- **What you have to do**
Keeping every character as it is, transcribe the entries below.

[Extracted information — start]

(* Let $k$, $\Lambda_{\mathbf q}$, $G$, $\chi_{g,l}$, $\mathbb K$, $\Delta_{\mathbb K}$ and the cochains $(x^\alpha\otimes g)\epsilon_\beta^*$ be as in the context, and let the cup product of cochains $f,g'\in\operatorname{Hom}_{\Lambda_{\mathbf q}^e}(\mathbb K,\Lambda_{\mathbf q}\rtimes G)$ be $f\smile g'=\mu\circ(f\otimes_{\Lambda_{\mathbf q}}g')\circ\Delta_{\mathbb K}$, where $\mu$ is multiplication in $\Lambda_{\mathbf q}\rtimes G$. If $\alpha,\gamma\in\{0,1\}^n$, $\beta,\kappa\in\mathbb N^n$ and $g,h\in G$, then $$(x^\alpha\otimes g)\epsilon_\beta^*\smile(x^\gamma\otimes h)\epsilon_\kappa^*=\prod_{l=1}^n\Big(\chi_{g,l}^{\gamma_l}\prod_{k<l}q_{k,l}^{\kappa_k\beta_l-\gamma_k\alpha_l}(-1)^{-\gamma_k\alpha_l}\Big)(x^{\alpha+\gamma}\otimes gh)\epsilon_{\beta+\kappa}^*.$$
   Context: $k$ is a field of characteristic $0$. Fix $n\ge1$, $q_{i,j}\in k^*$ with $q_{j,i}=q_{i,j}^{-1}$, $q_{i,i}=-1$, and $\Lambda_{\mathbf q}=k\langle x_1,\dots,x_n\mid x_ix_j=-q_{i,j}x_jx_i,\ x_i^2=0\rangle$. For $\alpha\in\mathbb N^n$, $x^\alpha=x_1^{\alpha_1}\cdots x_n^{\alpha_n}$ (which is $0$ if some $\alpha_i\ge2$). $G$ is a finite group acting by algebra automorphisms with ${}^gx_i=\chi_{g,i}x_i$. $\Lambda_{\mathbf q}\rtimes G=\Lambda_{\mathbf q}\otimes kG$ with $(\lambda\otimes g)(\lambda'\otimes h)=\lambda({}^g\lambda')\otimes gh$, a $\Lambda_{\mathbf q}$-bimodule via $\lambda\mapsto\lambda\otimes1$. For $\beta\in\mathbb N^n$, $|\beta|=\sum\beta_i$, $[j]$ is the $j$-th unit vector. $\mathbb K$ is the projective $\Lambda_{\mathbf q}^e$-resolution of $\Lambda_{\mathbf q}$ with $\mathbb K_m=\bigoplus_{|\beta|=m}\Lambda_{\mathbf q}\epsilon_\beta\Lambda_{\mathbf q}$ (free on $\epsilon_\beta$), differential $\delta(\epsilon_\beta)=\sum_{j=1}^n\big(\prod_{l<j}q_{l,j}^{\beta_l}x_j\epsilon_{\beta-[j]}+(-1)^{\sum_{l\le j}\beta_l}\prod_{l>j}(-q_{j,l})^{\beta_l}\epsilon_{\beta-[j]}x_j\big)$ ($\epsilon_{\beta-[j]}:=0$ if $\beta_j=0$), augmentation $\epsilon_0\mapsto1$. It carries the diagonal $\Delta_{\mathbb K}:\mathbb K\to\mathbb K\otimes_{\Lambda_{\mathbf q}}\mathbb K$, $\Delta_{\mathbb K}(\epsilon_\beta)=\sum_{\alpha+\gamma=\beta}\prod_{1\le k<l\le n}q_{k,l}^{\gamma_k\alpha_l}\,\epsilon_\alpha\otimes_{\Lambda_{\mathbf q}}\epsilon_\gamma$ (sum over $\alpha,\gamma\in\mathbb N^n$); this corresponds to the restriction of the bar-resolution diagonal under the identification $\epsilon_\beta\mapsto 1\otimes f_\beta\otimes1$ of $\mathbb K$ with a subcomplex of the bar resolution, so the cup product defined with $\Delta_{\mathbb K}$ induces the usual cup product on $\mathrm{HH}^*(\Lambda_{\mathbf q},\Lambda_{\mathbf q}\rtimes G)$. The cochain $(x^\alpha\otimes g)\epsilon_\beta^*\in\operatorname{Hom}_{\Lambda_{\mathbf q}^e}(\mathbb K_{|\beta|},\Lambda_{\mathbf q}\rtimes G)$ sends $\epsilon_\beta\mapsto x^\alpha\otimes g$ and all other $\epsilon_{\beta'}\mapsto0$. *)

theory Defs
  imports "HOL-Algebra.Group"
begin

[Extracted information — finish]

- **Answer to this exercise**
(* Let $k$, $\Lambda_{\mathbf q}$, $G$, $\chi_{g,l}$, $\mathbb K$, $\Delta_{\mathbb K}$ and the cochains $(x^\alpha\otimes g)\epsilon_\beta^*$ be as in the context, and let the cup product of cochains $f,g'\in\operatorname{Hom}_{\Lambda_{\mathbf q}^e}(\mathbb K,\Lambda_{\mathbf q}\rtimes G)$ be $f\smile g'=\mu\circ(f\otimes_{\Lambda_{\mathbf q}}g')\circ\Delta_{\mathbb K}$, where $\mu$ is multiplication in $\Lambda_{\mathbf q}\rtimes G$. If $\alpha,\gamma\in\{0,1\}^n$, $\beta,\kappa\in\mathbb N^n$ and $g,h\in G$, then $$(x^\alpha\otimes g)\epsilon_\beta^*\smile(x^\gamma\otimes h)\epsilon_\kappa^*=\prod_{l=1}^n\Big(\chi_{g,l}^{\gamma_l}\prod_{k<l}q_{k,l}^{\kappa_k\beta_l-\gamma_k\alpha_l}(-1)^{-\gamma_k\alpha_l}\Big)(x^{\alpha+\gamma}\otimes gh)\epsilon_{\beta+\kappa}^*.$$
   Context: $k$ is a field of characteristic $0$. Fix $n\ge1$, $q_{i,j}\in k^*$ with $q_{j,i}=q_{i,j}^{-1}$, $q_{i,i}=-1$, and $\Lambda_{\mathbf q}=k\langle x_1,\dots,x_n\mid x_ix_j=-q_{i,j}x_jx_i,\ x_i^2=0\rangle$. For $\alpha\in\mathbb N^n$, $x^\alpha=x_1^{\alpha_1}\cdots x_n^{\alpha_n}$ (which is $0$ if some $\alpha_i\ge2$). $G$ is a finite group acting by algebra automorphisms with ${}^gx_i=\chi_{g,i}x_i$. $\Lambda_{\mathbf q}\rtimes G=\Lambda_{\mathbf q}\otimes kG$ with $(\lambda\otimes g)(\lambda'\otimes h)=\lambda({}^g\lambda')\otimes gh$, a $\Lambda_{\mathbf q}$-bimodule via $\lambda\mapsto\lambda\otimes1$. For $\beta\in\mathbb N^n$, $|\beta|=\sum\beta_i$, $[j]$ is the $j$-th unit vector. $\mathbb K$ is the projective $\Lambda_{\mathbf q}^e$-resolution of $\Lambda_{\mathbf q}$ with $\mathbb K_m=\bigoplus_{|\beta|=m}\Lambda_{\mathbf q}\epsilon_\beta\Lambda_{\mathbf q}$ (free on $\epsilon_\beta$), differential $\delta(\epsilon_\beta)=\sum_{j=1}^n\big(\prod_{l<j}q_{l,j}^{\beta_l}x_j\epsilon_{\beta-[j]}+(-1)^{\sum_{l\le j}\beta_l}\prod_{l>j}(-q_{j,l})^{\beta_l}\epsilon_{\beta-[j]}x_j\big)$ ($\epsilon_{\beta-[j]}:=0$ if $\beta_j=0$), augmentation $\epsilon_0\mapsto1$. It carries the diagonal $\Delta_{\mathbb K}:\mathbb K\to\mathbb K\otimes_{\Lambda_{\mathbf q}}\mathbb K$, $\Delta_{\mathbb K}(\epsilon_\beta)=\sum_{\alpha+\gamma=\beta}\prod_{1\le k<l\le n}q_{k,l}^{\gamma_k\alpha_l}\,\epsilon_\alpha\otimes_{\Lambda_{\mathbf q}}\epsilon_\gamma$ (sum over $\alpha,\gamma\in\mathbb N^n$); this corresponds to the restriction of the bar-resolution diagonal under the identification $\epsilon_\beta\mapsto 1\otimes f_\beta\otimes1$ of $\mathbb K$ with a subcomplex of the bar resolution, so the cup product defined with $\Delta_{\mathbb K}$ induces the usual cup product on $\mathrm{HH}^*(\Lambda_{\mathbf q},\Lambda_{\mathbf q}\rtimes G)$. The cochain $(x^\alpha\otimes g)\epsilon_\beta^*\in\operatorname{Hom}_{\Lambda_{\mathbf q}^e}(\mathbb K_{|\beta|},\Lambda_{\mathbf q}\rtimes G)$ sends $\epsilon_\beta\mapsto x^\alpha\otimes g$ and all other $\epsilon_{\beta'}\mapsto0$. *)

theory Defs
  imports "HOL-Algebra.Group"
begin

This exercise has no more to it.